*Your goal*: Every record below is to be reproduced exactly.

*Saved data entries*:
-=-=-=-=-
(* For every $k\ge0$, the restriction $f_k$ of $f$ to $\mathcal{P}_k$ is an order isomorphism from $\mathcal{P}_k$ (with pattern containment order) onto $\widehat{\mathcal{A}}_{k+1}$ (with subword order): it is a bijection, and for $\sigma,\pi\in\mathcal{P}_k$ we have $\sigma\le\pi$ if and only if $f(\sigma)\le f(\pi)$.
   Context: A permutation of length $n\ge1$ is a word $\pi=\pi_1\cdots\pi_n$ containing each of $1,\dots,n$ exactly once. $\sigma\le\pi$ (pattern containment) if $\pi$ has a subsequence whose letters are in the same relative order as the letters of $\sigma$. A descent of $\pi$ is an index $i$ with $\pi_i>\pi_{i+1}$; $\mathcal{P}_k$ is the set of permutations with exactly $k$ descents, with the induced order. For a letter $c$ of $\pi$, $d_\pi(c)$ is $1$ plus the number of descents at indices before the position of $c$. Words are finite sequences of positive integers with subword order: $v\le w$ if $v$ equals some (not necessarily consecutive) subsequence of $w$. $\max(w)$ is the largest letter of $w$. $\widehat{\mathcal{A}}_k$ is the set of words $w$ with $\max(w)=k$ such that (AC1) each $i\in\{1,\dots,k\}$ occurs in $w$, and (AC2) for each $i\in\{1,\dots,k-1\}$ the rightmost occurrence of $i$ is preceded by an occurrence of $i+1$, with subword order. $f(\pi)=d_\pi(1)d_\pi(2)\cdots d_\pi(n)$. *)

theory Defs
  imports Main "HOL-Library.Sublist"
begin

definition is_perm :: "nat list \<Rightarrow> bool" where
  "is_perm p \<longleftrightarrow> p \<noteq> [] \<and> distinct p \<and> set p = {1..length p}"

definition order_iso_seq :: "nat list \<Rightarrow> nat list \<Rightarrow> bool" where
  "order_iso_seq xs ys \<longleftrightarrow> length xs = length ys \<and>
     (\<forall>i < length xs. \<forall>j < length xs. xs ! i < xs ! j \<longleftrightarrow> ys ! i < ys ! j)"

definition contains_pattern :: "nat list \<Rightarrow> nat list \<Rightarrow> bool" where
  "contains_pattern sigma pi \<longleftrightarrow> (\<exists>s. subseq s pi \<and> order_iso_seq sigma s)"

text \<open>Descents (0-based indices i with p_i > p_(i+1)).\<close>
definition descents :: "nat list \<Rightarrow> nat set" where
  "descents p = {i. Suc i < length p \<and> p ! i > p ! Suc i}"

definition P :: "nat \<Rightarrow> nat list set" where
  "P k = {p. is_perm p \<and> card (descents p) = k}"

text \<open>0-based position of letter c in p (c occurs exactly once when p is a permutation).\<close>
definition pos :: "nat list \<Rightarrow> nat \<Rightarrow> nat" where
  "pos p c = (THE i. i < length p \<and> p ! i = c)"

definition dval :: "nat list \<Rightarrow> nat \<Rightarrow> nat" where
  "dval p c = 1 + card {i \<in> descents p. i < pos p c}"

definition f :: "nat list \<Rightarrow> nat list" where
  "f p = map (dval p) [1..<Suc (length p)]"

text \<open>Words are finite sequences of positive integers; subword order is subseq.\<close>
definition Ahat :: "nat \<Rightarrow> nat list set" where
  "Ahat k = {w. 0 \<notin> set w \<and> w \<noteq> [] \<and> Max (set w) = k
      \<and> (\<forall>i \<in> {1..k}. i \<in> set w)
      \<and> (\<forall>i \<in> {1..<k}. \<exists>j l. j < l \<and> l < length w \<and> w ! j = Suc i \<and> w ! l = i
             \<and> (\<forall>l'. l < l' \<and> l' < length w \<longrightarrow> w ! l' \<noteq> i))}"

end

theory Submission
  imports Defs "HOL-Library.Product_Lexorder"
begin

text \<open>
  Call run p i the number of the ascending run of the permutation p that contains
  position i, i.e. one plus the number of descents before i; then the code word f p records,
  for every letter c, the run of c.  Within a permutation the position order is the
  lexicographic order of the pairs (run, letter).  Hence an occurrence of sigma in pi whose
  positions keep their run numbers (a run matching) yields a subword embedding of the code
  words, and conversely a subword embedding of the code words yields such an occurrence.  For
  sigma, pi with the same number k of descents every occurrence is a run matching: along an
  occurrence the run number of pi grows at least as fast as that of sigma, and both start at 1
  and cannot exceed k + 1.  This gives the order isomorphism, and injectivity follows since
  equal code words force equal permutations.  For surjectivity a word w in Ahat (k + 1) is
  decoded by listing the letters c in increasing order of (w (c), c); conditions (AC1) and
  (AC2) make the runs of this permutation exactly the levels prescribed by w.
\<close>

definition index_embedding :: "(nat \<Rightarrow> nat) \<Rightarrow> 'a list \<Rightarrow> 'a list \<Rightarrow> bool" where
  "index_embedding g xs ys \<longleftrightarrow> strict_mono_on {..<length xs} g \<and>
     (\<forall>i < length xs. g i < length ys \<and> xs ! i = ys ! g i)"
-=-=-=-=-
*Solution to this task*:
(* For every $k\ge0$, the restriction $f_k$ of $f$ to $\mathcal{P}_k$ is an order isomorphism from $\mathcal{P}_k$ (with pattern containment order) onto $\widehat{\mathcal{A}}_{k+1}$ (with subword order): it is a bijection, and for $\sigma,\pi\in\mathcal{P}_k$ we have $\sigma\le\pi$ if and only if $f(\sigma)\le f(\pi)$.
   Context: A permutation of length $n\ge1$ is a word $\pi=\pi_1\cdots\pi_n$ containing each of $1,\dots,n$ exactly once. $\sigma\le\pi$ (pattern containment) if $\pi$ has a subsequence whose letters are in the same relative order as the letters of $\sigma$. A descent of $\pi$ is an index $i$ with $\pi_i>\pi_{i+1}$; $\mathcal{P}_k$ is the set of permutations with exactly $k$ descents, with the induced order. For a letter $c$ of $\pi$, $d_\pi(c)$ is $1$ plus the number of descents at indices before the position of $c$. Words are finite sequences of positive integers with subword order: $v\le w$ if $v$ equals some (not necessarily consecutive) subsequence of $w$. $\max(w)$ is the largest letter of $w$. $\widehat{\mathcal{A}}_k$ is the set of words $w$ with $\max(w)=k$ such that (AC1) each $i\in\{1,\dots,k\}$ occurs in $w$, and (AC2) for each $i\in\{1,\dots,k-1\}$ the rightmost occurrence of $i$ is preceded by an occurrence of $i+1$, with subword order. $f(\pi)=d_\pi(1)d_\pi(2)\cdots d_\pi(n)$. *)

theory Defs
  imports Main "HOL-Library.Sublist"
begin

definition is_perm :: "nat list \<Rightarrow> bool" where
  "is_perm p \<longleftrightarrow> p \<noteq> [] \<and> distinct p \<and> set p = {1..length p}"

definition order_iso_seq :: "nat list \<Rightarrow> nat list \<Rightarrow> bool" where
  "order_iso_seq xs ys \<longleftrightarrow> length xs = length ys \<and>
     (\<forall>i < length xs. \<forall>j < length xs. xs ! i < xs ! j \<longleftrightarrow> ys ! i < ys ! j)"

definition contains_pattern :: "nat list \<Rightarrow> nat list \<Rightarrow> bool" where
  "contains_pattern sigma pi \<longleftrightarrow> (\<exists>s. subseq s pi \<and> order_iso_seq sigma s)"

text \<open>Descents (0-based indices i with p_i > p_(i+1)).\<close>
definition descents :: "nat list \<Rightarrow> nat set" where
  "descents p = {i. Suc i < length p \<and> p ! i > p ! Suc i}"

definition P :: "nat \<Rightarrow> nat list set" where
  "P k = {p. is_perm p \<and> card (descents p) = k}"

text \<open>0-based position of letter c in p (c occurs exactly once when p is a permutation).\<close>
definition pos :: "nat list \<Rightarrow> nat \<Rightarrow> nat" where
  "pos p c = (THE i. i < length p \<and> p ! i = c)"

definition dval :: "nat list \<Rightarrow> nat \<Rightarrow> nat" where
  "dval p c = 1 + card {i \<in> descents p. i < pos p c}"

definition f :: "nat list \<Rightarrow> nat list" where
  "f p = map (dval p) [1..<Suc (length p)]"

text \<open>Words are finite sequences of positive integers; subword order is subseq.\<close>
definition Ahat :: "nat \<Rightarrow> nat list set" where
  "Ahat k = {w. 0 \<notin> set w \<and> w \<noteq> [] \<and> Max (set w) = k
      \<and> (\<forall>i \<in> {1..k}. i \<in> set w)
      \<and> (\<forall>i \<in> {1..<k}. \<exists>j l. j < l \<and> l < length w \<and> w ! j = Suc i \<and> w ! l = i
             \<and> (\<forall>l'. l < l' \<and> l' < length w \<longrightarrow> w ! l' \<noteq> i))}"

end

theory Submission
  imports Defs "HOL-Library.Product_Lexorder"
begin

text \<open>
  Call run p i the number of the ascending run of the permutation p that contains
  position i, i.e. one plus the number of descents before i; then the code word f p records,
  for every letter c, the run of c.  Within a permutation the position order is the
  lexicographic order of the pairs (run, letter).  Hence an occurrence of sigma in pi whose
  positions keep their run numbers (a run matching) yields a subword embedding of the code
  words, and conversely a subword embedding of the code words yields such an occurrence.  For
  sigma, pi with the same number k of descents every occurrence is a run matching: along an
  occurrence the run number of pi grows at least as fast as that of sigma, and both start at 1
  and cannot exceed k + 1.  This gives the order isomorphism, and injectivity follows since
  equal code words force equal permutations.  For surjectivity a word w in Ahat (k + 1) is
  decoded by listing the letters c in increasing order of (w (c), c); conditions (AC1) and
  (AC2) make the runs of this permutation exactly the levels prescribed by w.
\<close>

definition index_embedding :: "(nat \<Rightarrow> nat) \<Rightarrow> 'a list \<Rightarrow> 'a list \<Rightarrow> bool" where
  "index_embedding g xs ys \<longleftrightarrow> strict_mono_on {..<length xs} g \<and>
     (\<forall>i < length xs. g i < length ys \<and> xs ! i = ys ! g i)"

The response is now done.